= Exercise goal =
For the string "where", find every matching line in the records and copy it.

Collected data
= = = =

(* Let $D\geq2d+1$, $0<\delta<\Delta/3$ and $k\in\{2,\ldots,D\}$, with the setting and standing assumptions of the context. Let $\mathcal{A}_{k,\delta}$ be the set of $c$ such that $\|c\|<a_{0}$ and $F_{c}(x_{1})\neq F_{c}(\phi_{c}^{k-1}(x_{1}))$ for every $x_{1}\in K$ satisfying $\|x_{1}-\xi_{j}(c)\|\geq3\delta$ for all $j\in\{1,\ldots,m\}$. Then every point of the open ball $\{c:\|c\|<a_{0}\}$ is a Lebesgue point of $\mathcal{A}_{k,\delta}$, and therefore the probability of $\mathcal{A}_{k,\delta}$ relative to this ball is $1$.
   Context: Notation: $\pi_{i}$ is the $i$-th coordinate projection on $\mathbb{R}^{d}$, $\mathbf{e}_{1}=(1,0,\ldots,0)$; for $\alpha\in\mathbb{Z}_{\geq0}^{d}$, $p_{\alpha}(x)=\prod_i(\pi_{i}x)^{\alpha_{i}}$; $\mathcal{I}_{2D-1}$ is the set of $\alpha$ with $|\alpha|\leq2D-1$, of cardinality $D_{\alpha}$; $c=(c_{\alpha})\in\mathbb{R}^{D_{\alpha}}$ with Euclidean norm. $\phi:\mathbb{R}^{d}\to\mathbb{R}^{d}$ is a diffeomorphism, $\phi_{c}(x)=\phi(x)+\mathbf{e}_{1}\sum_{\alpha}c_{\alpha}p_{\alpha}(x)$, and $F_{c}(x)=(\pi_{1}x,\pi_{1}\phi_{c}(x),\ldots,\pi_{1}\phi_{c}^{D-1}(x))$. Standing assumptions: $K$ is a compact ball centered at the origin, $K^{+}\supset K$ a larger compact ball with $\phi^{j}(x)\in K^{+}$ for $x\in K$, $0\leq j\leq D-1$; $a_{0}>0$ is such that $\phi_{c}^{j}(x)\in K^{+}$ for $x\in K$, $0\leq j\leq D-1$, $\|c\|\leq a_{0}$; and for all $\|c\|\leq a_{0}$: $\phi_{c}$ is a $C^{3}$ diffeomorphism; $\phi_{c}$ has exactly $m$ fixed points $\xi_{1}(c),\ldots,\xi_{m}(c)$ (labelled consistently in $c$); no other periodic points of period $<2D$; all fixed points hyperbolic with $\pi_{1}\xi_{i}(c)\neq\pi_{1}\xi_{j}(c)$ for $i\neq j$; $F_{c}$ immersive at each fixed point. $\Delta$ is the minimum distance between distinct fixed points of $\phi_{c}$ lying in $K$, over $\|c\|\leq a_{0}$. A point $\mathfrak{a}$ is a Lebesgue point of a measurable set $A$ if $\mu(A\cap B_{\epsilon}(\mathfrak{a}))/\mu(B_{\epsilon}(\mathfrak{a}))\to1$ as $\epsilon\to0$ ($B_\epsilon$ open ball, $\mu$ Lebesgue measure); probability of $A$ relative to $B$ is $\mu(A\cap B)/\mu(B)$. *)

theory Defs
  imports "HOL-Analysis.Analysis"
begin

definition monom_p :: "('n::finite \<Rightarrow> nat) \<Rightarrow> real^'n \<Rightarrow> real" where
  "monom_p \<alpha> x = (\<Prod>i\<in>UNIV. (x $ i) ^ (\<alpha> i))"

definition multi_idx :: "nat \<Rightarrow> ('n::finite \<Rightarrow> nat) set" where
  "multi_idx N = {\<alpha>. (\<Sum>i\<in>UNIV. \<alpha> i) \<le> N}"

(* phi_c(x) = phi(x) + e_1 * sum_alpha c_alpha p_alpha(x); coordinates of c are
   enumerated by idx :: 'm => multi-index; i1 is the first coordinate *)
definition perturb ::
  "'n::finite \<Rightarrow> ('m::finite \<Rightarrow> ('n \<Rightarrow> nat)) \<Rightarrow> (real^'n \<Rightarrow> real^'n)
     \<Rightarrow> real^'m \<Rightarrow> real^'n \<Rightarrow> real^'n" where
  "perturb i1 idx \<phi> c x = \<phi> x + (\<Sum>a\<in>UNIV. c $ a * monom_p (idx a) x) *\<^sub>R axis i1 1"

definition delay_map :: "'n::finite \<Rightarrow> nat \<Rightarrow> (real^'n \<Rightarrow> real^'n) \<Rightarrow> real^'n \<Rightarrow> real list" where
  "delay_map i1 D f x = map (\<lambda>j. ((f ^^ j) x) $ i1) [0..<D]"

definition delay_immersive :: "'n::finite \<Rightarrow> nat \<Rightarrow> (real^'n \<Rightarrow> real^'n) \<Rightarrow> real^'n \<Rightarrow> bool" where
  "delay_immersive i1 D f x \<longleftrightarrow>
     (\<exists>L :: nat \<Rightarrow> real^'n \<Rightarrow> real.
        (\<forall>j<D. ((\<lambda>y. ((f ^^ j) y) $ i1) has_derivative L j) (at x)) \<and>
        (\<forall>v. (\<forall>j<D. L j v = 0) \<longrightarrow> v = 0))"

definition C3 :: "('a::real_normed_vector \<Rightarrow> 'b::real_normed_vector) \<Rightarrow> bool" where
  "C3 f \<longleftrightarrow> (\<exists>(Df :: 'a \<Rightarrow> 'a \<Rightarrow>\<^sub>L 'b) (D2f :: 'a \<Rightarrow> 'a \<Rightarrow>\<^sub>L ('a \<Rightarrow>\<^sub>L 'b))
         (D3f :: 'a \<Rightarrow> 'a \<Rightarrow>\<^sub>L ('a \<Rightarrow>\<^sub>L ('a \<Rightarrow>\<^sub>L 'b))).
      (\<forall>x. (f has_derivative blinfun_apply (Df x)) (at x)) \<and>
      (\<forall>x. (Df has_derivative blinfun_apply (D2f x)) (at x)) \<and>
      (\<forall>x. (D2f has_derivative blinfun_apply (D3f x)) (at x)) \<and>
      continuous_on UNIV D3f)"

definition C3_diffeo :: "('a::real_normed_vector \<Rightarrow> 'a) \<Rightarrow> bool" where
  "C3_diffeo f \<longleftrightarrow> bij f \<and> C3 f \<and> C3 (inv f)"
theorem mainTheorem9:
  fixes s t :: real
  assumes "s \<noteq> 0" and "t \<noteq> 0" and "s\<^sup>2 + 4 * t > 0"
  defines "q \<equiv> phi' s t / phi s t"
  shows
    "(\<bar>q\<bar> < 1 \<longrightarrow>
       (let fac = (\<lambda>(k::nat) (z::complex).
                    complex_of_real (phi s t ^ (k + 1)) /
                    (complex_of_real (phi s t ^ (k + 1))
                     - complex_of_real ((phi s t - phi' s t) * phi' s t ^ k) * z));
            F = (\<lambda>z. \<Prod>k. fac k z)
        in conv_radius (Exp_coeff s t) > 0
         \<and> (\<forall>z. ereal (cmod z) < conv_radius (Exp_coeff s t) \<longrightarrow>
                (\<lambda>k. fac k z) has_prod Exp_st s t z)
         \<and> (\<forall>z. (\<forall>k. complex_of_real (phi s t ^ (k + 1))
                     - complex_of_real ((phi s t - phi' s t) * phi' s t ^ k) * z \<noteq> 0) \<longrightarrow>
                (\<lambda>k. fac k z) has_prod F z)
         \<and> F meromorphic_on UNIV))
   \<and> (\<bar>q\<bar> > 1 \<longrightarrow>
       (\<forall>z::complex. (\<lambda>k::nat. 1 - complex_of_real ((phi s t - phi' s t) *
                        (phi s t ^ k / phi' s t ^ (k + 1))) * z) has_prod Exp_st s t z))"
proof -
  have "phi s t \<noteq> 0"
    using phi_times_phi'[of s t] assms(2,3) by auto
  then have q: "\<bar>q\<bar> = \<bar>phi' s t\<bar> / \<bar>phi s t\<bar>"
    by (simp add: q_def abs_divide)
  have "\<bar>q\<bar> < 1 \<Longrightarrow> \<bar>phi' s t\<bar> < \<bar>phi s t\<bar>" and "\<bar>q\<bar> > 1 \<Longrightarrow> \<bar>phi s t\<bar> < \<bar>phi' s t\<bar>"
    using \<open>phi s t \<noteq> 0\<close> by (simp_all add: q divide_less_eq less_divide_eq)
  moreover have "\<bar>phi s t\<bar> / (phi s t - phi' s t) > 0"
    using assms(3) \<open>phi s t \<noteq> 0\<close> by (simp add: phi_minus_phi')
  ultimately show ?thesis
    unfolding Let_def
    using Exp_st_product_small_ratio[OF assms(3)] Exp_st_product_large_ratio[OF assms(3)]
    by (auto intro: convergent_prod_has_prod)
qed

end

= = = =

= Your solution =
definition monom_p :: "('n::finite \<Rightarrow> nat) \<Rightarrow> real^'n \<Rightarrow> real" where
definition multi_idx :: "nat \<Rightarrow> ('n::finite \<Rightarrow> nat) set" where
     \<Rightarrow> real^'m \<Rightarrow> real^'n \<Rightarrow> real^'n" where
definition delay_map :: "'n::finite \<Rightarrow> nat \<Rightarrow> (real^'n \<Rightarrow> real^'n) \<Rightarrow> real^'n \<Rightarrow> real list" where
definition delay_immersive :: "'n::finite \<Rightarrow> nat \<Rightarrow> (real^'n \<Rightarrow> real^'n) \<Rightarrow> real^'n \<Rightarrow> bool" where
definition C3 :: "('a::real_normed_vector \<Rightarrow> 'b::real_normed_vector) \<Rightarrow> bool" where
definition C3_diffeo :: "('a::real_normed_vector \<Rightarrow> 'a) \<Rightarrow> bool" where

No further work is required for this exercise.